Navigating the Regulatory Maze: Determinism and Compliance

Salesforce lands 140 life sciences clients, pitches ‘headless’ AI to pharma

A paramount concern in the highly regulated life sciences industry is ensuring compliance and predictability, especially when dealing with probabilistic large language models (LLMs). LLMs are inherently designed to predict likely next tokens, making them excellent for summarization and content generation but posing challenges for workflows requiring absolute determinism – such as how often a sales representative can message a physician, the exact wording of a message, or the verification of patient consent.

Both Salesforce and Veeva have addressed this critical need for determinism in their agentic software. Salesforce employs a feature called Agent Script, which seamlessly weaves deterministic checks, approved templates, and consent status directly into the probabilistic layer of its AI agents. This mechanism ensures that while the model can synthesize information and surface insights, any regulated action is executed through a fixed set of tools backed by deterministic workflows and predefined, confined actions. "The model cannot go off script, because those tools are unavailable," Ferraro affirmed, emphasizing that "the tools are outside its toolbox." This hybrid approach allows for the benefits of generative AI while maintaining strict adherence to regulatory requirements.

Similarly, Veeva runs its standard agents in-context within its own applications, leveraging its tightly integrated data and workflows to ensure compliance. By operating within a controlled environment, Veeva can ensure that agents only access and act upon approved content and processes, mitigating the risks associated with probabilistic outputs in a regulated context. This shared commitment to embedding deterministic controls within agentic AI frameworks is crucial for fostering trust and enabling widespread adoption in the life sciences sector.

Broader Implications for the Life Sciences Industry

The intensifying competition between Salesforce and Veeva, driven by their respective agentic AI strategies, signals a broader transformation within the life sciences industry.
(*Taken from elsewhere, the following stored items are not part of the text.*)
(* Let $\mathbf{\Pi}=\langle\mathit{PF},\Pi\rangle$ be a multi-valued probabilistic program such that $\mathrm{SM}''[\mathbf{\Pi}]$ is not empty and $M_{\mathbf{\Pi}}(c=v)>0$ for every probabilistic constant $c$ and every $v\in\mathrm{Dom}(c)$. Then for every interpretation $I$, $I\in\mathrm{SM}'[T(\mathbf{\Pi})]$ if and only if $I\in\mathrm{SM}''[\mathbf{\Pi}]$.
   Context: Stable model semantics: a rule is $A\leftarrow B\wedge N$ ($A$ a possibly empty disjunction of atoms, $B$ a conjunction of atoms, $N$ a formula with every atom occurrence under negation); the reduct $\Pi^I$ of a ground program keeps $A\leftarrow B$ for rules with $I\models N$; $I$ (a set of atoms) is a stable model if it is a minimal model of $\Pi^I$. An $\mathrm{LP}^{\mathrm{MLN}}$ program $\Pi$ is a finite set of weighted rules $w:R$, $w$ real (soft) or the symbol $\alpha$ (hard); $\Pi_I=\{w:R\in\Pi\mid I\models R\}$; $\overline{\cdot}$ drops weights. $\mathrm{SM}'[\Pi]$ is the set of $I$ that are stable models of $\overline{\Pi_I}$ and satisfy $\overline{\Pi^{\rm hard}}$ (the unweighted hard rules). Multi-valued signature: constants $c$ with finite domains $\mathrm{Dom}(c)$; atoms $c=v$, $v\in\mathrm{Dom}(c)$; constants are probabilistic or regular. A multi-valued probabilistic program $\mathbf{\Pi}=\langle\mathit{PF},\Pi\rangle$: $\mathit{PF}$ has, for each probabilistic constant $c$, one declaration $p_1:c=v_1\mid\dots\mid p_n:c=v_n$ ($\{v_i\}=\mathrm{Dom}(c)$ distinct, $p_i\in[0,1]$, $\sum p_i=1$), and $M_{\mathbf{\Pi}}(c=v_i)=p_i$; $\Pi$ is a set of rules whose heads contain no atom of a probabilistic constant. $T(\mathbf{\Pi})$ is the $\mathrm{LP}^{\mathrm{MLN}}$ program containing: $\ln(p_i):c=v_i$ if $0<p_i<1$, $\alpha:c=v_i$ if $p_i=1$, $\alpha:\bot\leftarrow c=v_i$ if $p_i=0$; $\alpha:R$ for $R\in\Pi$; $\alpha:\bot\leftarrow c=v_1\wedge c=v_2$ for every constant $c$ and distinct $v_1,v_2\in\mathrm{Dom}(c)$; $\alpha:\bot\leftarrow\neg\bigvee_{v\in\mathrm{Dom}(c)}c=v$ for every probabilistic $c$. $I$ is consistent if it satisfies the last two kinds of constraints; $\mathit{TC}(I)=\{c=v\in I\mid c$ probabilistic$\}$; $\mathrm{SM}''[\mathbf{\Pi}]$ is the set of consistent $I$ that are stable models of $\Pi\cup\mathit{TC}(I)$. *)

theory Defs
  imports Complex_Main
begin

datatype 'a fml = FAtom 'a | FNeg "'a fml" | FAnd "'a fml list" | FOr "'a fml list"

abbreviation FTop :: "'a fml" where "FTop \<equiv> FAnd []"
abbreviation FBot :: "'a fml" where "FBot \<equiv> FOr []"

fun sat_fml :: "'a set \<Rightarrow> 'a fml \<Rightarrow> bool" where
  "sat_fml I (FAtom a) = (a \<in> I)"
| "sat_fml I (FNeg f) = (\<not> sat_fml I f)"
| "sat_fml I (FAnd fs) = (\<forall>f\<in>set fs. sat_fml I f)"
| "sat_fml I (FOr fs) = (\<exists>f\<in>set fs. sat_fml I f)"

fun atoms_fml :: "'a fml \<Rightarrow> 'a set" where
  "atoms_fml (FAtom a) = {a}"
| "atoms_fml (FNeg f) = atoms_fml f"
| "atoms_fml (FAnd fs) = (\<Union>f\<in>set fs. atoms_fml f)"
| "atoms_fml (FOr fs) = (\<Union>f\<in>set fs. atoms_fml f)"

fun unneg_atoms :: "'a fml \<Rightarrow> 'a set" where
  "unneg_atoms (FAtom a) = {a}"
| "unneg_atoms (FNeg f) = {}"
| "unneg_atoms (FAnd fs) = (\<Union>f\<in>set fs. unneg_atoms f)"
| "unneg_atoms (FOr fs) = (\<Union>f\<in>set fs. unneg_atoms f)"

text \<open>A rule  A \<leftarrow> B \<and> N : head = atoms of the disjunction A, pbody = atoms of the
  conjunction B, nbody = N.\<close>
datatype 'a rule = Rule (head: "'a set") (pbody: "'a set") (nbody: "'a fml")

definition wf_rule :: "'a rule \<Rightarrow> bool" where
  "wf_rule R \<longleftrightarrow> finite (head R) \<and> finite (pbody R) \<and> unneg_atoms (nbody R) = {}"

definition rule_atoms :: "'a rule \<Rightarrow> 'a set" where
  "rule_atoms R = head R \<union> pbody R \<union> atoms_fml (nbody R)"

definition sat_rule :: "'a set \<Rightarrow> 'a rule \<Rightarrow> bool" where
  "sat_rule I R \<longleftrightarrow> (pbody R \<subseteq> I \<and> sat_fml I (nbody R) \<longrightarrow> head R \<inter> I \<noteq> {})"

definition reduct :: "'a rule set \<Rightarrow> 'a set \<Rightarrow> ('a set \<times> 'a set) set" where
  "reduct P I = {(head R, pbody R) | R. R \<in> P \<and> sat_fml I (nbody R)}"

definition pos_model :: "('a set \<times> 'a set) set \<Rightarrow> 'a set \<Rightarrow> bool" where
  "pos_model Q J \<longleftrightarrow> (\<forall>(A, B)\<in>Q. B \<subseteq> J \<longrightarrow> A \<inter> J \<noteq> {})"

definition stable_model :: "'a rule set \<Rightarrow> 'a set \<Rightarrow> bool" where
  "stable_model P I \<longleftrightarrow> pos_model (reduct P I) I \<and> (\<forall>J. J \<subset> I \<longrightarrow> \<not> pos_model (reduct P I) J)"

datatype weight = Soft real | Hard

type_synonym 'a lpmln = "('a rule \<times> weight) set"

definition SM' :: "'a lpmln \<Rightarrow> 'a set set" where
  "SM' P = {I. stable_model (fst ` {wr \<in> P. sat_rule I (fst wr)}) I
              \<and> (\<forall>wr\<in>P. snd wr = Hard \<longrightarrow> sat_rule I (fst wr))}"

text \<open>Signature: constants C (finite), probabilistic constants Cp \<subseteq> C, domains Dom;
  the atom c = v is the pair (c, v) with v \<in> Dom c.  The probability declarations PF
  are given by a function p, with M(c = v) = p c v.\<close>

definition sig_atoms :: "'c set \<Rightarrow> ('c \<Rightarrow> 'v set) \<Rightarrow> ('c \<times> 'v) set" where
  "sig_atoms C Dom = {(c, v). c \<in> C \<and> v \<in> Dom c}"

definition mv_prob_program ::
  "'c set \<Rightarrow> 'c set \<Rightarrow> ('c \<Rightarrow> 'v set) \<Rightarrow> ('c \<Rightarrow> 'v \<Rightarrow> real) \<Rightarrow> ('c \<times> 'v) rule set \<Rightarrow> bool" where
  "mv_prob_program C Cp Dom p P \<longleftrightarrow>
     finite C \<and> Cp \<subseteq> C \<and> (\<forall>c\<in>C. finite (Dom c))
   \<and> (\<forall>c\<in>Cp. (\<forall>v\<in>Dom c. 0 \<le> p c v \<and> p c v \<le> 1) \<and> (\<Sum>v\<in>Dom c. p c v) = 1)
   \<and> finite P
   \<and> (\<forall>R\<in>P. wf_rule R \<and> rule_atoms R \<subseteq> sig_atoms C Dom
            \<and> (\<forall>(c, v)\<in>head R. c \<notin> Cp))"

definition fact :: "'a \<Rightarrow> 'a rule" where
  "fact a = Rule {a} {} FTop"

definition some_enum :: "'v set \<Rightarrow> 'v list" where
  "some_enum S = (SOME xs. set xs = S \<and> distinct xs)"

definition T ::
  "'c set \<Rightarrow> 'c set \<Rightarrow> ('c \<Rightarrow> 'v set) \<Rightarrow> ('c \<Rightarrow> 'v \<Rightarrow> real) \<Rightarrow> ('c \<times> 'v) rule set
   \<Rightarrow> ('c \<times> 'v) lpmln" where
  "T C Cp Dom p P =
     {(fact (c, v), Soft (ln (p c v))) | c v. c \<in> Cp \<and> v \<in> Dom c \<and> 0 < p c v \<and> p c v < 1}
   \<union> {(fact (c, v), Hard) | c v. c \<in> Cp \<and> v \<in> Dom c \<and> p c v = 1}
   \<union> {(Rule {} {(c, v)} FTop, Hard) | c v. c \<in> Cp \<and> v \<in> Dom c \<and> p c v = 0}
   \<union> {(R, Hard) | R. R \<in> P}
   \<union> {(Rule {} {(c, v1), (c, v2)} FTop, Hard) | c v1 v2. c \<in> C \<and> v1 \<in> Dom c \<and> v2 \<in> Dom c \<and> v1 \<noteq> v2}
   \<union> {(Rule {} {} (FNeg (FOr (map (\<lambda>v. FAtom (c, v)) (some_enum (Dom c))))), Hard) | c. c \<in> Cp}"

definition consistent :: "'c set \<Rightarrow> 'c set \<Rightarrow> ('c \<Rightarrow> 'v set) \<Rightarrow> ('c \<times> 'v) set \<Rightarrow> bool" where
  "consistent C Cp Dom I \<longleftrightarrow>
     (\<forall>c\<in>C. \<forall>v1\<in>Dom c. \<forall>v2\<in>Dom c. v1 \<noteq> v2 \<longrightarrow> \<not> ((c, v1) \<in> I \<and> (c, v2) \<in> I))
   \<and> (\<forall>c\<in>Cp. \<exists>v\<in>Dom c. (c, v) \<in> I)"

definition TC :: "'c set \<Rightarrow> ('c \<times> 'v) set \<Rightarrow> ('c \<times> 'v) set" where
  "TC Cp I = {(c, v) \<in> I. c \<in> Cp}"

definition SM'' :: "'c set \<Rightarrow> 'c set \<Rightarrow> ('c \<Rightarrow> 'v set) \<Rightarrow> ('c \<times> 'v) rule set \<Rightarrow> ('c \<times> 'v) set set" where
  "SM'' C Cp Dom P = {I. consistent C Cp Dom I \<and> stable_model (P \<union> fact ` TC Cp I) I}"

end

(*
  Let Q be the set of rules of T(Pi) satisfied by I.  Under positive probabilities, I satisfies
  the hard rules of T(Pi) iff I is consistent and satisfies Pi: a value of probability 1 is then
  the only value of its constant, and no constraint of the form  <- c = v  occurs.  In that case
  Q consists of Pi, the facts of TC(I) (each of which positivity puts into T(Pi)), and
  constraints (rules with empty head).
  A constraint satisfied by I holds in every subset of I as well, so it affects neither whether I
  models the reduct nor whether a proper subset of I does; hence I is a stable model of Q iff it
  is one of Pi together with the facts TC(I).
*)
theory Submission
  imports Defs
begin

lemma pos_model_reduct_iff:
  "pos_model (reduct Q I) J \<longleftrightarrow>
     (\<forall>R\<in>Q. sat_fml I (nbody R) \<longrightarrow> pbody R \<subseteq> J \<longrightarrow> head R \<inter> J \<noteq> {})"
  unfolding pos_model_def reduct_def by auto

lemma stable_model_sat_rule:
  assumes "stable_model Q I" and "R \<in> Q"
  shows "sat_rule I R"
  using assms unfolding stable_model_def pos_model_reduct_iff sat_rule_def by blast

lemma stable_model_drop_constraints:
  assumes "\<forall>R\<in>Q. sat_rule I R" and "Q' \<subseteq> Q" and "\<forall>R\<in>Q - Q'. head R = {}"
  shows "stable_model Q I \<longleftrightarrow> stable_model Q' I"
proof -
  have "pos_model (reduct Q I) J \<longleftrightarrow> pos_model (reduct Q' I) J" if "J \<subseteq> I" for J
    using assms that unfolding pos_model_reduct_iff sat_rule_def by blast
  then show ?thesis
    unfolding stable_model_def by (blast dest: psubset_imp_subset)
qed

definition satisfied_rules :: "'a lpmln \<Rightarrow> 'a set \<Rightarrow> 'a rule set" where
  "satisfied_rules Q I = fst ` {wr \<in> Q. sat_rule I (fst wr)}"

lemma mem_satisfied_rules_iff:
  "R \<in> satisfied_rules Q I \<longleftrightarrow> (\<exists>w. (R, w) \<in> Q) \<and> sat_rule I R"
  unfolding satisfied_rules_def by force

lemma mem_SM'_iff:
  "I \<in> SM' Q \<longleftrightarrow>
     stable_model (satisfied_rules Q I) I \<and> (\<forall>R. (R, Hard) \<in> Q \<longrightarrow> sat_rule I R)"
  unfolding SM'_def satisfied_rules_def by force

lemma sat_rule_fact [simp]: "sat_rule I (fact a) \<longleftrightarrow> a \<in> I"
  unfolding sat_rule_def fact_def by auto

lemma set_some_enum: "finite S \<Longrightarrow> set (some_enum S) = S"
  unfolding some_enum_def by (metis (mono_tags, lifting) finite_distinct_list someI_ex)

lemma set_some_enum_Dom:
  "mv_prob_program C Cp Dom p P \<Longrightarrow> c \<in> Cp \<Longrightarrow> set (some_enum (Dom c)) = Dom c"
  unfolding mv_prob_program_def by (metis set_some_enum subsetD)

lemma sum_pos_eq_term_imp_singleton:
  fixes f :: "'a \<Rightarrow> 'b::ordered_cancel_comm_monoid_add"
  assumes "finite D" and "\<forall>w\<in>D. 0 < f w" and "v \<in> D" and "sum f D = f v"
  shows "D = {v}"
proof (rule ccontr)
  assume "D \<noteq> {v}"
  then obtain w where "w \<in> D - {v}" using assms(3) by blast
  then have "0 < sum f (D - {v})"
    using assms(1,2) by (intro sum_pos2[of _ w]) auto
  moreover have "sum f D = f v + sum f (D - {v})"
    using assms(1,3) by (simp add: sum.remove)
  ultimately have "f v + sum f (D - {v}) = f v + 0"
    using assms(4) by simp
  then have "sum f (D - {v}) = 0"
    by (simp only: add_left_cancel)
  then show False
    using \<open>0 < sum f (D - {v})\<close> by simp
qed

lemma program_rule_in_T: "R \<in> P \<Longrightarrow> (R, Hard) \<in> T C Cp Dom p P"
  unfolding T_def by blast

lemma T_head_nonempty:
  assumes "(R, w) \<in> T C Cp Dom p P" and "head R \<noteq> {}"
  shows "R \<in> P \<or> (\<exists>a. fst a \<in> Cp \<and> R = fact a)"
  using assms unfolding T_def by auto

lemma TC_fact_in_T:
  assumes prog: "mv_prob_program C Cp Dom p P" and pos: "\<forall>c\<in>Cp. \<forall>v\<in>Dom c. p c v > 0"
    and sig: "I \<subseteq> sig_atoms C Dom" and "a \<in> TC Cp I"
  shows "\<exists>w. (fact a, w) \<in> T C Cp Dom p P"
proof -
  obtain c v where a: "a = (c, v)" "c \<in> Cp" "v \<in> Dom c"
    using \<open>a \<in> TC Cp I\<close> sig unfolding TC_def sig_atoms_def by auto
  have "0 < p c v"
    using pos a by blast
  have "p c v \<le> 1"
    using prog a unfolding mv_prob_program_def by blast
  show ?thesis
  proof (cases "p c v = 1")
    case True
    then have "(fact a, Hard) \<in> T C Cp Dom p P"
      unfolding T_def using a by blast
    then show ?thesis ..
  next
    case False
    with \<open>p c v \<le> 1\<close> have "p c v < 1"
      by linarith
    with a \<open>0 < p c v\<close> have "(fact a, Soft (ln (p c v))) \<in> T C Cp Dom p P"
      unfolding T_def by blast
    then show ?thesis ..
  qed
qed

lemma T_hard_cases:
  assumes "(R, Hard) \<in> T C Cp Dom p P"
  obtains (certain) c v where "c \<in> Cp" "v \<in> Dom c" "p c v = 1" "R = fact (c, v)"
  | (impossible) c v where "c \<in> Cp" "v \<in> Dom c" "p c v = 0" "R = Rule {} {(c, v)} FTop"
  | (program) "R \<in> P"
  | (unique) c v1 v2 where "c \<in> C" "v1 \<in> Dom c" "v2 \<in> Dom c" "v1 \<noteq> v2"
      "R = Rule {} {(c, v1), (c, v2)} FTop"
  | (exists) c where "c \<in> Cp"
      "R = Rule {} {} (FNeg (FOr (map (\<lambda>v. FAtom (c, v)) (some_enum (Dom c)))))"
  using assms unfolding T_def by blast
The adoption of AI agents is poised to reshape how pharmaceutical companies conduct research, manage clinical trials, engage with healthcare professionals and patients, and navigate the complex regulatory landscape.

For life sciences organizations, the choice between Salesforce’s "headless" flexibility and Veeva’s deeply integrated ecosystem will depend on their existing infrastructure, strategic priorities, and comfort level with different vendor models. Salesforce’s approach might appeal to larger enterprises with diverse tech stacks and a desire for interoperability, or those looking to leverage existing investments in general-purpose AI platforms. Veeva’s integrated solutions, conversely, may be more attractive to companies seeking a unified, purpose-built platform with comprehensive, industry-specific functionalities and a single vendor relationship.

Ultimately, the proliferation of agentic AI promises significant advancements: faster drug development cycles, more personalized patient engagements, optimized commercial strategies, and enhanced operational efficiencies across the value chain. However, success will hinge on the ability of these platforms to maintain strict compliance with global health regulations, ensure data privacy and security, and deliver tangible, measurable improvements. The race to equip life sciences companies with intelligent, autonomous agents is not just a technological battle; it is a strategic imperative that will define the future of healthcare innovation and delivery.